For some customers, music at Starbucks (NASDAQ: SBUX) is almost as important as its coffee. From the first Blue Note Blend music CD the company issued 20 years ago to support for emerging artists like John Legend, what you heard at the coffeehouse has imbued the experience of customers as much as what you drank.
But symbolic of the woes bedeviling the music industry, in which U.S. CD sales fell by 14% in 2014, all 21,000 Starbucks stores will stop selling music CDs come the end of this month. And just like the forces shaping the industry, analysts expect a Starbucks-branded streaming service to emerge.
A broken record
Of the 257 million albums sold in the U.S. last year, only 140.9 million were on CD, according to Billboard. Big CD sellers such as Barnes & Noble, Best Buy, and Trans World Entertainment (operator of the f.y.e. chain) recorded steep 20% declines in sales to 31 million albums.
While retailers such as Wal-Mart and Target sold twice as many albums, the figures still represent a year-over-year decline. Industry watchers say 2014 will be the last time CD sales surpass digital album sales.
But the problem isn't just a switch from physical albums to digital music, as sales of digital tracks also fell 12.5% year over year to 1.1 billion. That outpaces even the decline in digital albums, which fell 9.4% last year. Instead, the rise of streaming music through services such as Pandora (NYSE: P), Spotify, and even YouTube has eaten into sales.
Jumping into the stream
Nielsen Entertainment said on-demand streaming jumped 54% in 2014 to 164 billion streams. Apple's (NASDAQ: AAPL) iTunes can benefit from the change, but it's likely going to need to change, too, and we could see the tech giant's purchase of Beats as the vehicle for the transition.
As of last month, Apple was reportedly hard at work integrating Beats into the very fabric of iOS and iTunes, while also developing it for the Music app for the iPad, iPhone, and iPod. The subscription service would cost as little as $5 a month if Apple has its way, undercutting the $10 per month premium subscriptions from Spotify, Rdio, and Google's (NASDAQ: GOOG) Play Music.
So, despite Starbucks' decision to stop selling CDs, this isn't the day the music died, just another evolution in its consumption.

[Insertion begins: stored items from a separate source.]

(* Let $f:\{0,1\}^n\to\{0,1\}$, let $\mathcal D$ be a distribution on $\{0,1\}^n$, and let $a\in\mathbb C^{2^n}$ be a unit vector with $\mathcal D(x)=|a_x|^2$ for all $x$. Let $\Gamma\in\mathbb R^{2^n\times 2^n}$ be a nonzero adversary matrix for $f$ having $a$ as a principal eigenvector. Consider a memoryless quantum query algorithm accessing $x\sim\mathcal D$, with joint state after $t$ queries $|\psi^t\rangle=\sum_{x}a_x|\psi_x^t\rangle\otimes|x\rangle$, and define $\Delta_t=\|\Gamma\|-|\langle\psi^t|(I\otimes\Gamma)|\psi^t\rangle|$. Then: (i) $\Delta_0=0$; (ii) $\Delta_{t+1}\le\Delta_t+2\max_{i\in\{1,\dots,n\}}\|\Gamma_i\|$ for each $t$; (iii) the average success probability after $T$ queries satisfies $p_{\mathrm{succ}}^{\mathcal D}\le\frac12+\sqrt{\Delta_T/(2\|\Gamma\|)}$. Consequently, $Q_{\mathcal D}(f)\ge\frac{\|\Gamma\|}{36\max_{i}\|\Gamma_i\|}$.
   Context: Query model: the algorithm space has basis $|i,b\rangle$, $i\in\{1,\dots,n\}$, $b\in\{0,1\}$; $O_x|i,b\rangle=|i,b\oplus x_i\rangle$; a memoryless $T$-query algorithm is a sequence of unitaries $U_0,\dots,U_T$, with $|\psi_x^t\rangle=U_tO_x\cdots U_1O_xU_0|\mathrm{init}\rangle$ for a fixed basis state $|\mathrm{init}\rangle$; its output is the measured value register of the final state. The average success probability is $p_{\mathrm{succ}}^{\mathcal D}=\sum_x\mathcal D(x)\|(I\otimes|f(x)\rangle\langle f(x)|)|\psi_x^T\rangle\|^2$, and $Q_{\mathcal D}(f)$ is the smallest $T$ such that some $T$-query algorithm has $p_{\mathrm{succ}}^{\mathcal D}\ge 2/3$. An adversary matrix for $f$ is a real symmetric $\Gamma\in\mathbb R^{2^n\times2^n}$ (rows/columns indexed by $\{0,1\}^n$) with $\Gamma_{x,y}=0$ whenever $f(x)=f(y)$. For $i\in\{1,\dots,n\}$, $\Gamma_i$ is the matrix with $(\Gamma_i)_{x,y}=\Gamma_{x,y}$ if $x_i\ne y_i$ and $0$ otherwise. $\|\cdot\|$ on matrices is the spectral norm; a principal eigenvector is a unit eigenvector whose eigenvalue has absolute value $\|\Gamma\|$. *)

theory Defs
  imports Complex_Main "HOL-Library.Extended_Nat"
begin

text \<open>Inputs x in {0,1}^n are bool lists of length n; bit i (0-based) is x ! i.\<close>
definition inputs :: "nat \<Rightarrow> bool list set" where
  "inputs n = {xs. length xs = n}"

text \<open>Index set of the algorithm space: basis states |i,b> with i < n (0-based).\<close>
definition alg_idx :: "nat \<Rightarrow> (nat \<times> bool) set" where
  "alg_idx n = {0..<n} \<times> (UNIV :: bool set)"

type_synonym avec = "nat \<times> bool \<Rightarrow> complex"
type_synonym amat = "nat \<times> bool \<Rightarrow> nat \<times> bool \<Rightarrow> complex"

definition mat_app :: "nat \<Rightarrow> amat \<Rightarrow> avec \<Rightarrow> avec" where
  "mat_app n M v = (\<lambda>p. \<Sum>q\<in>alg_idx n. M p q * v q)"

definition unitary_on :: "nat \<Rightarrow> amat \<Rightarrow> bool" where
  "unitary_on n M \<longleftrightarrow>
     (\<forall>p\<in>alg_idx n. \<forall>q\<in>alg_idx n.
        (\<Sum>r\<in>alg_idx n. cnj (M r p) * M r q) = (if p = q then 1 else 0))"

definition query_oracle :: "bool list \<Rightarrow> avec \<Rightarrow> avec" where
  "query_oracle x v = (\<lambda>(i, b). v (i, b \<noteq> x ! i))"

definition ket :: "nat \<times> bool \<Rightarrow> avec" where
  "ket p0 = (\<lambda>p. if p = p0 then 1 else 0)"

primrec alg_state :: "nat \<Rightarrow> (nat \<Rightarrow> amat) \<Rightarrow> nat \<times> bool \<Rightarrow> bool list \<Rightarrow> nat \<Rightarrow> avec" where
  "alg_state n U init x 0 = mat_app n (U 0) (ket init)"
| "alg_state n U init x (Suc t) = mat_app n (U (Suc t)) (query_oracle x (alg_state n U init x t))"

text \<open>Memoryless T-query algorithm: unitaries U_0..U_T, fixed basis state init.\<close>
definition valid_alg :: "nat \<Rightarrow> nat \<Rightarrow> (nat \<Rightarrow> amat) \<Rightarrow> nat \<times> bool \<Rightarrow> bool" where
  "valid_alg n T U init \<longleftrightarrow> init \<in> alg_idx n \<and> (\<forall>t\<le>T. unitary_on n (U t))"

text \<open>Average success probability: output = measured value register b.\<close>
definition p_succ :: "nat \<Rightarrow> (bool list \<Rightarrow> bool) \<Rightarrow> (bool list \<Rightarrow> real) \<Rightarrow> nat
    \<Rightarrow> (nat \<Rightarrow> amat) \<Rightarrow> nat \<times> bool \<Rightarrow> real" where
  "p_succ n f D T U init =
     (\<Sum>x\<in>inputs n. D x * (\<Sum>i<n. (cmod (alg_state n U init x T (i, f x)))\<^sup>2))"

text \<open>Q_D(f): least T such that some T-query algorithm has success >= 2/3
  (infinity if there is none).\<close>
definition query_complexity :: "nat \<Rightarrow> (bool list \<Rightarrow> bool) \<Rightarrow> (bool list \<Rightarrow> real) \<Rightarrow> enat" where
  "query_complexity n f D =
     Inf {enat T | T. \<exists>U init. valid_alg n T U init \<and> p_succ n f D T U init \<ge> 2/3}"

definition spec_norm :: "'a set \<Rightarrow> ('a \<Rightarrow> 'a \<Rightarrow> real) \<Rightarrow> real" where
  "spec_norm S M = Sup {sqrt (\<Sum>x\<in>S. (cmod (\<Sum>y\<in>S. of_real (M x y) * v y))\<^sup>2) | v.
                         (\<Sum>y\<in>S. (cmod (v y))\<^sup>2) = 1}"

definition adversary_matrix :: "nat \<Rightarrow> (bool list \<Rightarrow> bool) \<Rightarrow> (bool list \<Rightarrow> bool list \<Rightarrow> real) \<Rightarrow> bool" where
  "adversary_matrix n f \<Gamma> \<longleftrightarrow>
     (\<forall>x\<in>inputs n. \<forall>y\<in>inputs n. \<Gamma> x y = \<Gamma> y x \<and> (f x = f y \<longrightarrow> \<Gamma> x y = 0))"

text \<open>Gamma_i (0-based i).\<close>
definition adv_part :: "(bool list \<Rightarrow> bool list \<Rightarrow> real) \<Rightarrow> nat \<Rightarrow> bool list \<Rightarrow> bool list \<Rightarrow> real" where
  "adv_part \<Gamma> i = (\<lambda>x y. if x ! i \<noteq> y ! i then \<Gamma> x y else 0)"

definition principal_eigvec :: "nat \<Rightarrow> (bool list \<Rightarrow> bool list \<Rightarrow> real) \<Rightarrow> (bool list \<Rightarrow> complex) \<Rightarrow> bool" where
  "principal_eigvec n \<Gamma> a \<longleftrightarrow>
     (\<Sum>x\<in>inputs n. (cmod (a x))\<^sup>2) = 1 \<and>
     (\<exists>ev::complex. cmod ev = spec_norm (inputs n) \<Gamma> \<and>
        (\<forall>x\<in>inputs n. (\<Sum>y\<in>inputs n. of_real (\<Gamma> x y) * a y) = ev * a x))"

definition joint_state :: "nat \<Rightarrow> (nat \<Rightarrow> amat) \<Rightarrow> nat \<times> bool \<Rightarrow> (bool list \<Rightarrow> complex) \<Rightarrow> nat
    \<Rightarrow> (nat \<times> bool) \<times> bool list \<Rightarrow> complex" where
  "joint_state n U init a t = (\<lambda>(p, x). a x * alg_state n U init x t p)"

definition id_tensor :: "nat \<Rightarrow> (bool list \<Rightarrow> bool list \<Rightarrow> real)
    \<Rightarrow> ((nat \<times> bool) \<times> bool list \<Rightarrow> complex) \<Rightarrow> (nat \<times> bool) \<times> bool list \<Rightarrow> complex" where
  "id_tensor n \<Gamma> \<phi> = (\<lambda>(p, x). \<Sum>y\<in>inputs n. of_real (\<Gamma> x y) * \<phi> (p, y))"

definition joint_inner :: "nat \<Rightarrow> ((nat \<times> bool) \<times> bool list \<Rightarrow> complex)
    \<Rightarrow> ((nat \<times> bool) \<times> bool list \<Rightarrow> complex) \<Rightarrow> complex" where
  "joint_inner n \<phi> \<chi> = (\<Sum>z\<in>alg_idx n \<times> inputs n. cnj (\<phi> z) * \<chi> z)"

definition Delta :: "nat \<Rightarrow> (bool list \<Rightarrow> bool list \<Rightarrow> real) \<Rightarrow> (nat \<Rightarrow> amat) \<Rightarrow> nat \<times> bool
    \<Rightarrow> (bool list \<Rightarrow> complex) \<Rightarrow> nat \<Rightarrow> real" where
  "Delta n \<Gamma> U init a t =
     spec_norm (inputs n) \<Gamma>
     - cmod (joint_inner n (joint_state n U init a t) (id_tensor n \<Gamma> (joint_state n U init a t)))"

end

(*
  The progress measure G_t = <psi^t|(I (x) Gamma)|psi^t> equals
  sum_{x,y} conj(a_x) Gamma_xy a_y <psi_x^t|psi_y^t>, so it depends only on the Gram matrix of the
  states psi_x^t and is unchanged by the unitaries U_t. Initially all psi_x coincide, so G_0 is the
  eigenvalue of a, of modulus ||Gamma||. A query to bit i flips the value register, which changes
  the Gram entry only for pairs x, y differing in bit i; hence G changes by
  -sum_i <d_i|(I (x) Gamma_i)|d_i>, where d_i is the difference of the two value branches on
  register i, and |G_{t+1} - G_t| <= 2 max_i ||Gamma_i||.
  Since Gamma vanishes between inputs with equal f-value and a is a principal eigenvector, the parts
  of a on f^-1(0) and f^-1(1) both have weight 1/2, and |G_T| is at most 2 ||Gamma|| times the overlap
  of the final state's parts on these two fibres. High success probability forces these parts to
  put their weight on different answers, hence small overlap, large Delta_T, and many queries.
*)
theory Submission
  imports Defs "HOL-Analysis.L2_Norm"
begin

definition sq_norm :: "'a set \<Rightarrow> ('a \<Rightarrow> complex) \<Rightarrow> real" where
  "sq_norm X v = (\<Sum>x\<in>X. (cmod (v x))\<^sup>2)"

definition inner_on :: "'a set \<Rightarrow> ('a \<Rightarrow> complex) \<Rightarrow> ('a \<Rightarrow> complex) \<Rightarrow> complex" where
  "inner_on X u v = (\<Sum>x\<in>X. cnj (u x) * v x)"

definition mat_vec :: "'a set \<Rightarrow> ('a \<Rightarrow> 'a \<Rightarrow> real) \<Rightarrow> ('a \<Rightarrow> complex) \<Rightarrow> 'a \<Rightarrow> complex" where
  "mat_vec X M v = (\<lambda>x. \<Sum>y\<in>X. of_real (M x y) * v y)"

definition sesq_form :: "'a set \<Rightarrow> ('a \<Rightarrow> 'a \<Rightarrow> real) \<Rightarrow> ('a \<Rightarrow> complex) \<Rightarrow> ('a \<Rightarrow> complex) \<Rightarrow> complex" where
  "sesq_form X M u v = (\<Sum>x\<in>X. \<Sum>y\<in>X. cnj (u x) * of_real (M x y) * v y)"

lemma sq_norm_nonneg: "0 \<le> sq_norm X v"
  unfolding sq_norm_def by (simp add: sum_nonneg)

lemma sqrt_sq_norm_eq_L2_set: "sqrt (sq_norm X v) = L2_set (\<lambda>x. cmod (v x)) X"
  by (simp add: sq_norm_def L2_set_def)

lemma inner_on_self: "inner_on X v v = of_real (sq_norm X v)"
  unfolding inner_on_def sq_norm_def of_real_sum
  by (rule sum.cong[OF refl]) (metis complex_norm_square mult.commute)

lemma inner_on_Cauchy_Schwarz: "cmod (inner_on X u v) \<le> sqrt (sq_norm X u) * sqrt (sq_norm X v)"
proof -
  have "cmod (inner_on X u v) \<le> (\<Sum>x\<in>X. \<bar>cmod (u x)\<bar> * \<bar>cmod (v x)\<bar>)"
    unfolding inner_on_def by (rule order_trans[OF norm_sum]) (simp add: norm_mult)
  also have "\<dots> \<le> sqrt (sq_norm X u) * sqrt (sq_norm X v)"
    unfolding sqrt_sq_norm_eq_L2_set by (rule L2_set_mult_ineq)
  finally show ?thesis .
qed

lemma sq_norm_diff_le: "sq_norm X (\<lambda>x. u x - v x) \<le> 2 * (sq_norm X u + sq_norm X v)"
proof -
  have "(cmod (u x - v x))\<^sup>2 \<le> 2 * ((cmod (u x))\<^sup>2 + (cmod (v x))\<^sup>2)" for x
  proof -
    have "0 \<le> (cmod (u x) - cmod (v x))\<^sup>2" by simp
    then have "(cmod (u x) + cmod (v x))\<^sup>2 \<le> 2 * ((cmod (u x))\<^sup>2 + (cmod (v x))\<^sup>2)"
      by (simp add: power2_eq_square algebra_simps)
    moreover have "(cmod (u x - v x))\<^sup>2 \<le> (cmod (u x) + cmod (v x))\<^sup>2"
      by (intro power_mono norm_triangle_ineq4) simp
    ultimately show ?thesis by linarith
  qed
  then show ?thesis
    unfolding sq_norm_def sum_distrib_left sum.distrib[symmetric] by (intro sum_mono) simp
qed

Music is more accessible than ever. Pandora ended 2014 with a record 81.5 million active listeners, a 7% increase from the prior year, with listening hours jumping 20% to 20.03 billion. Spotify has over 15 million paying customers and more than 60 million active users across the world.
The change in how music is consumed has required the industry to modify the way it ranks the hits. Billboard, for example, adopted the industry benchmarks that equate 1,500 song streams from an album to one equivalent album sale and 10 tracks as equaling one track equivalent album, or TEA. When viewed in that manner, rather than killing it, streaming music has saved the industry and allowed it to grow.
Yet one development also shows that no matter how much things change, they remain the same: Vinyl record sales are staging a comeback and were the one segment in the physical world that expanded last year. Some 9.2 million vinyl records, a near-52% increase, were sold in 2014, bringing the format up to 6% of all album sales.
Music will remain an essential component of going to the coffee house, even if, like the industry itself, it must evolve in response to changing consumer preferences. Although it hasn't said what will replace the CD rack next to its registers, customers can be sure it won't miss a beat in keeping the Starbucks experience connected to the music.